_WORK INSTRUCTIONS_
For the entries that follow, restate word for word the line containing "using nz G by", the line containing "by (subst (1)", and every line that lies between them.

(Collected data entries)

Content starts

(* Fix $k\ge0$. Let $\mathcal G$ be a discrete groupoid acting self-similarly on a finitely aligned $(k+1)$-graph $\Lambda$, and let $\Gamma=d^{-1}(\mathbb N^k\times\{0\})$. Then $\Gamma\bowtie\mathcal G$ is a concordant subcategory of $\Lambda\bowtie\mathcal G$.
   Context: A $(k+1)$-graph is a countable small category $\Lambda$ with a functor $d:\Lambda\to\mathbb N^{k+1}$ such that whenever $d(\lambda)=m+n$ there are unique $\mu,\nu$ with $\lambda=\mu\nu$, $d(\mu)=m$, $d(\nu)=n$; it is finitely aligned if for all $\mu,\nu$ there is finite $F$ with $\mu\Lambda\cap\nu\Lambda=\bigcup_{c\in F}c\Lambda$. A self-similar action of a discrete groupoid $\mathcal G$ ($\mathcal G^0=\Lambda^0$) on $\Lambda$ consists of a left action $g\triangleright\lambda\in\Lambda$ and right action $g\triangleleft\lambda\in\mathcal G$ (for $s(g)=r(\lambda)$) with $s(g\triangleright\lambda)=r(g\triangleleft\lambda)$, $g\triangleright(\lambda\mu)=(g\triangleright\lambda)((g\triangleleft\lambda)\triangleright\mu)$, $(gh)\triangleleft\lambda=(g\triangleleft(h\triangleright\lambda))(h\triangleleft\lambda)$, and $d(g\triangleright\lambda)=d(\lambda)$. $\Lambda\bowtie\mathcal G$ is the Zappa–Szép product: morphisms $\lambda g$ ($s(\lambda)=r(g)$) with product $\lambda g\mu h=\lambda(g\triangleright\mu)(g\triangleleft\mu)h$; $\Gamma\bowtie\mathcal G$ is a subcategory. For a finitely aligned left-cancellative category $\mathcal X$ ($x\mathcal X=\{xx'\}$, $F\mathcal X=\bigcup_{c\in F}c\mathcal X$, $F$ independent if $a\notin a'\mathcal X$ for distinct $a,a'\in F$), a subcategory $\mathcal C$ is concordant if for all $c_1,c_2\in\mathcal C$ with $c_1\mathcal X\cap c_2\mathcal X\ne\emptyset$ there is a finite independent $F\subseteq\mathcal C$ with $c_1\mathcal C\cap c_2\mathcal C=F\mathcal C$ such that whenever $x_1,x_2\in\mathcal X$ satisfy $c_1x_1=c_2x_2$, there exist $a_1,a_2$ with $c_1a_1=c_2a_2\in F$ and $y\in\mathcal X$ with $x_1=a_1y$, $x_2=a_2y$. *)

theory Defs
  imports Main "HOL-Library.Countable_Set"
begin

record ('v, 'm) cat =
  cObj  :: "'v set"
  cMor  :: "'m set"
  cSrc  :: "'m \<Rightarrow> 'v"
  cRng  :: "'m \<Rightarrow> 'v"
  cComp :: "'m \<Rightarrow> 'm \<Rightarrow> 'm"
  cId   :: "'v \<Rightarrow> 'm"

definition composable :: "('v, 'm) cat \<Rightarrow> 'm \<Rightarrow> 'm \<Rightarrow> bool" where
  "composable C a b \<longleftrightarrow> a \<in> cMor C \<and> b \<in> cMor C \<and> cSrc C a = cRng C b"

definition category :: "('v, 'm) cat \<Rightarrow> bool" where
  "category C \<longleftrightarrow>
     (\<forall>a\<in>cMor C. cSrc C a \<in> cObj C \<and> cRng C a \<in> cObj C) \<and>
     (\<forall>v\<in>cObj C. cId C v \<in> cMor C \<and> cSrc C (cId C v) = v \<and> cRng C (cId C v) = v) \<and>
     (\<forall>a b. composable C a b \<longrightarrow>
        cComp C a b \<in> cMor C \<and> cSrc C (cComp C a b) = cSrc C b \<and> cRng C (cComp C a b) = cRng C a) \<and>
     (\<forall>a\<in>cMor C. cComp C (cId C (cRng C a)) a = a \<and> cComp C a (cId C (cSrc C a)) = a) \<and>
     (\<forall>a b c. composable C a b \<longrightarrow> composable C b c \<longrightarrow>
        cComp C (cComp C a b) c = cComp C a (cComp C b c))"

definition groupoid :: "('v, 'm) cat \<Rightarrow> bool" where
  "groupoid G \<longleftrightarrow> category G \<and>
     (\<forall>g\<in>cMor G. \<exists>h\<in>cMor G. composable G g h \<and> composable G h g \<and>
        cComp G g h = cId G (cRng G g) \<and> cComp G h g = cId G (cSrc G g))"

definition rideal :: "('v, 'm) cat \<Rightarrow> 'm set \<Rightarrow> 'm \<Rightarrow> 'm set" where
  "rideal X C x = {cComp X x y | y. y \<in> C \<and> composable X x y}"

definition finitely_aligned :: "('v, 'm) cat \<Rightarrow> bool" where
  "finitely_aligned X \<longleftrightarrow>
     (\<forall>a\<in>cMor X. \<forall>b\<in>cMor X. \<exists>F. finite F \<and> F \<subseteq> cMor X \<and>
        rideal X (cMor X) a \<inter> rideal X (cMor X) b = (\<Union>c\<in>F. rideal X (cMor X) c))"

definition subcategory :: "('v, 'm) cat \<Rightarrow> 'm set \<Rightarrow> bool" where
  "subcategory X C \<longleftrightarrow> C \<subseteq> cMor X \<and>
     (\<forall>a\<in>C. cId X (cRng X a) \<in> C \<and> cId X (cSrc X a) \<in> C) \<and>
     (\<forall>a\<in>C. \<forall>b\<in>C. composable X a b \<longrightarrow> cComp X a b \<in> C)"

Content ends
Content starts

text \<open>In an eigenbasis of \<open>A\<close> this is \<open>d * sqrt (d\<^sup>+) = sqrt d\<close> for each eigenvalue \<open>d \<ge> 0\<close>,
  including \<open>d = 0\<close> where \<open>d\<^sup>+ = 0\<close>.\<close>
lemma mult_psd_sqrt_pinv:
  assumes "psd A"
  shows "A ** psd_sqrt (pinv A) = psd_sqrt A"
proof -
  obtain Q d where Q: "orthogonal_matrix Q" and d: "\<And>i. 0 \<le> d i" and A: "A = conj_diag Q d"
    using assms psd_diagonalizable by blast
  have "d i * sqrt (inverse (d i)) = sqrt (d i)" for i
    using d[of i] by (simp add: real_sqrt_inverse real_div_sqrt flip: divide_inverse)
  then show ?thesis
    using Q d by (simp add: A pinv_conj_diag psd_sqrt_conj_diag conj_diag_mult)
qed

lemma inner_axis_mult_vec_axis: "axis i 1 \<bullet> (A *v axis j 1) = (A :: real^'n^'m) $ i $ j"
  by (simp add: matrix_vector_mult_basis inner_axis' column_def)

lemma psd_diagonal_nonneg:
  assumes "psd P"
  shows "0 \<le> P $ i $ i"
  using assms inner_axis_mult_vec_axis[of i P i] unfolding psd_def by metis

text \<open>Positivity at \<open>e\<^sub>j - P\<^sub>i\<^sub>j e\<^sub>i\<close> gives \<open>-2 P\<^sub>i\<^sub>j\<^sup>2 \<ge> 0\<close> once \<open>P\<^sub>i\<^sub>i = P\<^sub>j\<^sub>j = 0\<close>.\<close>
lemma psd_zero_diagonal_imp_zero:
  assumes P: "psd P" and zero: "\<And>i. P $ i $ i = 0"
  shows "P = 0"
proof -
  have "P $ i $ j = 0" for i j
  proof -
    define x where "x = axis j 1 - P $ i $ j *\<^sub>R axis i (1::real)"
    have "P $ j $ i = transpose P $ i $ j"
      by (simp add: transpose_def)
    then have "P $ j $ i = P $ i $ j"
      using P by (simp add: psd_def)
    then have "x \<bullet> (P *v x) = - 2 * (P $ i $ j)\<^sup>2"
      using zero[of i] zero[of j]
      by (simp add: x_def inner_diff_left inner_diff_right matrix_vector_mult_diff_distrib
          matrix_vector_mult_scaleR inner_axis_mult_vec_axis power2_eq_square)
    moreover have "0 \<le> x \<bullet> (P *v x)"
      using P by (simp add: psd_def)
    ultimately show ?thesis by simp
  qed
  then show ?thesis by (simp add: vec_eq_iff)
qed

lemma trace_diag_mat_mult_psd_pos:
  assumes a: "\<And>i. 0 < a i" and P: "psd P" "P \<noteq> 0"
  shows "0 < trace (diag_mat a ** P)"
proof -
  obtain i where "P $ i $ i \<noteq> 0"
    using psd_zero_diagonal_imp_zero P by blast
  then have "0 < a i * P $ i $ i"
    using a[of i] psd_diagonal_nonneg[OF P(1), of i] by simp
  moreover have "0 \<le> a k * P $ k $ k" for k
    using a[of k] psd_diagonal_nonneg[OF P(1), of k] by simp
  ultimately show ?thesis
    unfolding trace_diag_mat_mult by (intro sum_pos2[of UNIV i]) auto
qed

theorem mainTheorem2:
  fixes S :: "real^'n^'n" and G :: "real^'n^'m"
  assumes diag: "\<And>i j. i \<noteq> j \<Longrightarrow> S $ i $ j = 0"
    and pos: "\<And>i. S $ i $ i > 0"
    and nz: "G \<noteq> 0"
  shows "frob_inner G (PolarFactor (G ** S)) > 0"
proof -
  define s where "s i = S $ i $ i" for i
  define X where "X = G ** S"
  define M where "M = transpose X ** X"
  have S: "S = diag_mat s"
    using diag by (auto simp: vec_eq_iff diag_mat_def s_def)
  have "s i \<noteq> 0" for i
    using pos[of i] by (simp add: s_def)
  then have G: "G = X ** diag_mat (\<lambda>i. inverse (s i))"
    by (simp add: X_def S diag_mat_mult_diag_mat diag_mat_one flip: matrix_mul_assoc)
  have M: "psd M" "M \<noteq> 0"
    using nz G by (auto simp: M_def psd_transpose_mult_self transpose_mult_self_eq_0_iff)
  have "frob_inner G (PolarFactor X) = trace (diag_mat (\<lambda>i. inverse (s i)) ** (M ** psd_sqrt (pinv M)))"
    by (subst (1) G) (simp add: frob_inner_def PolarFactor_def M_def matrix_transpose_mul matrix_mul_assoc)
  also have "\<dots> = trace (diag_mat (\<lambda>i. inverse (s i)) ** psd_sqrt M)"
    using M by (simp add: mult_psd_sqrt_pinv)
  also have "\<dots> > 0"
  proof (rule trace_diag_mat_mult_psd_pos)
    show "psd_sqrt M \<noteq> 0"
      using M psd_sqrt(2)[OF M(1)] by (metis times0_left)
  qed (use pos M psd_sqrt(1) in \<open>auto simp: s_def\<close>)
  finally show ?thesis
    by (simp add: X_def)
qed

Content ends

_RESULT OF THIS EXERCISE_
    using nz G by (auto simp: M_def psd_transpose_mult_self transpose_mult_self_eq_0_iff)
  have "frob_inner G (PolarFactor X) = trace (diag_mat (\<lambda>i. inverse (s i)) ** (M ** psd_sqrt (pinv M)))"
    by (subst (1) G) (simp add: frob_inner_def PolarFactor_def M_def matrix_transpose_mul matrix_mul_assoc)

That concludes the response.